インビトロの細胞内標的ＲＮＡの機能を低下させる方法であって、前記方法は、
前記細胞を、請求項１から請求項８のいずれか１項に記載の非天然存在型ｍｉＲＮＡまたは請求項９から請求項１２のいずれか１項に記載のリコンビナント発現ベクターに接触させる工程を有し、前記非天然存在型ｍｉＲＮＡは前記細胞内で処理されて前記成熟鎖の配列をもつ成熟ｍｉＲＮＡを生成することを特徴とする、細胞内標的ＲＮＡの機能を低下させる方法。
前記標的ＲＮＡが、ｍＲＮＡであることを特徴とする請求項１から請求項８のいずれか１項に記載の非天然存在型ｍｉＲ−１９６ａ−２ｍｉＲＮＡ。
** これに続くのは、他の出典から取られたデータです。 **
(* Let $\mathcal V$ be the self-attention velocity field. There exists $L_1=L_1(M,R)$, independent of $d$, such that $D_x\mathcal V$ is bounded in operator norm by $L_1$ and, for all $x,\tilde x\in B_R(0)$, all $\mu,\tilde\mu\in\mathcal P(\mathbb R^d)$ supported in $B_R(0)$, and all $\theta,\tilde\theta$ with $|\theta|,|\tilde\theta|\le M$, $$\|D_x\mathcal V(x,\mu;\theta)-D_x\mathcal V(\tilde x,\tilde\mu;\tilde\theta)\|\le L_1\big(|x-\tilde x|+\mathbf W_1(\mu,\tilde\mu)+|\theta-\tilde\theta|\big).$$
   Context: Self-attention velocity field: for $\theta=(Q,K,V)\in(\mathbb R^{d\times d})^3\cong\mathbb R^{3d^2}$ with $|\theta|$ the Euclidean (Frobenius) norm of the concatenation, $\mathcal V(x,\mu;\theta)=\frac{1}{Z(x)}\int_{\mathbb R^d}e^{\langle Qx,Ky\rangle}Vy\,d\mu(y)$ with $Z(x)=\int_{\mathbb R^d}e^{\langle Qx,Kz\rangle}\,d\mu(z)$. $B_r(0)$ is the Euclidean ball of radius $r$ in $\mathbb R^d$; $\mathbf W_1$ is the 1-Wasserstein distance; $\|\cdot\|$ is the operator norm; $D_x\mathcal V$ is the $d\times d$ Jacobian of $\mathcal V$ in $x$. *)

theory Defs
  imports "HOL-Probability.Probability"
begin

text \<open>Explicit-dimension model of R^d (d is quantified inside the statement, so that the
constant can be independent of d). Points of R^d are the extensional functions
{..<d} -> real, i.e. the carrier of the product measure space PiM {..<d} (\<lambda>_. borel).
Matrices are functions nat => nat => real, only entries with indices < d being relevant.\<close>

definition vecs :: "nat \<Rightarrow> (nat \<Rightarrow> real) set" where
  "vecs d = PiE {..<d} (\<lambda>_. UNIV)"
前記成熟鎖が、前記標的ＲＮＡの領域と１００％相補的であることを特徴とする請求項１から請求項８、および請求項１７のいずれか１項に記載の非天然存在型ｍｉＲ−１９６ａ−２ｍｉＲＮＡ。
標的ＲＮＡ領域の標的ＲＮＡゆらぎ塩基対は、前記成熟鎖内のヌクレオチド１に対して相補的であることを特徴とする請求項１から請求項８、および請求項１７のいずれか１項に記載の非天然存在型ｍｉＲ−１９６ａ−２ｍｉＲＮＡ。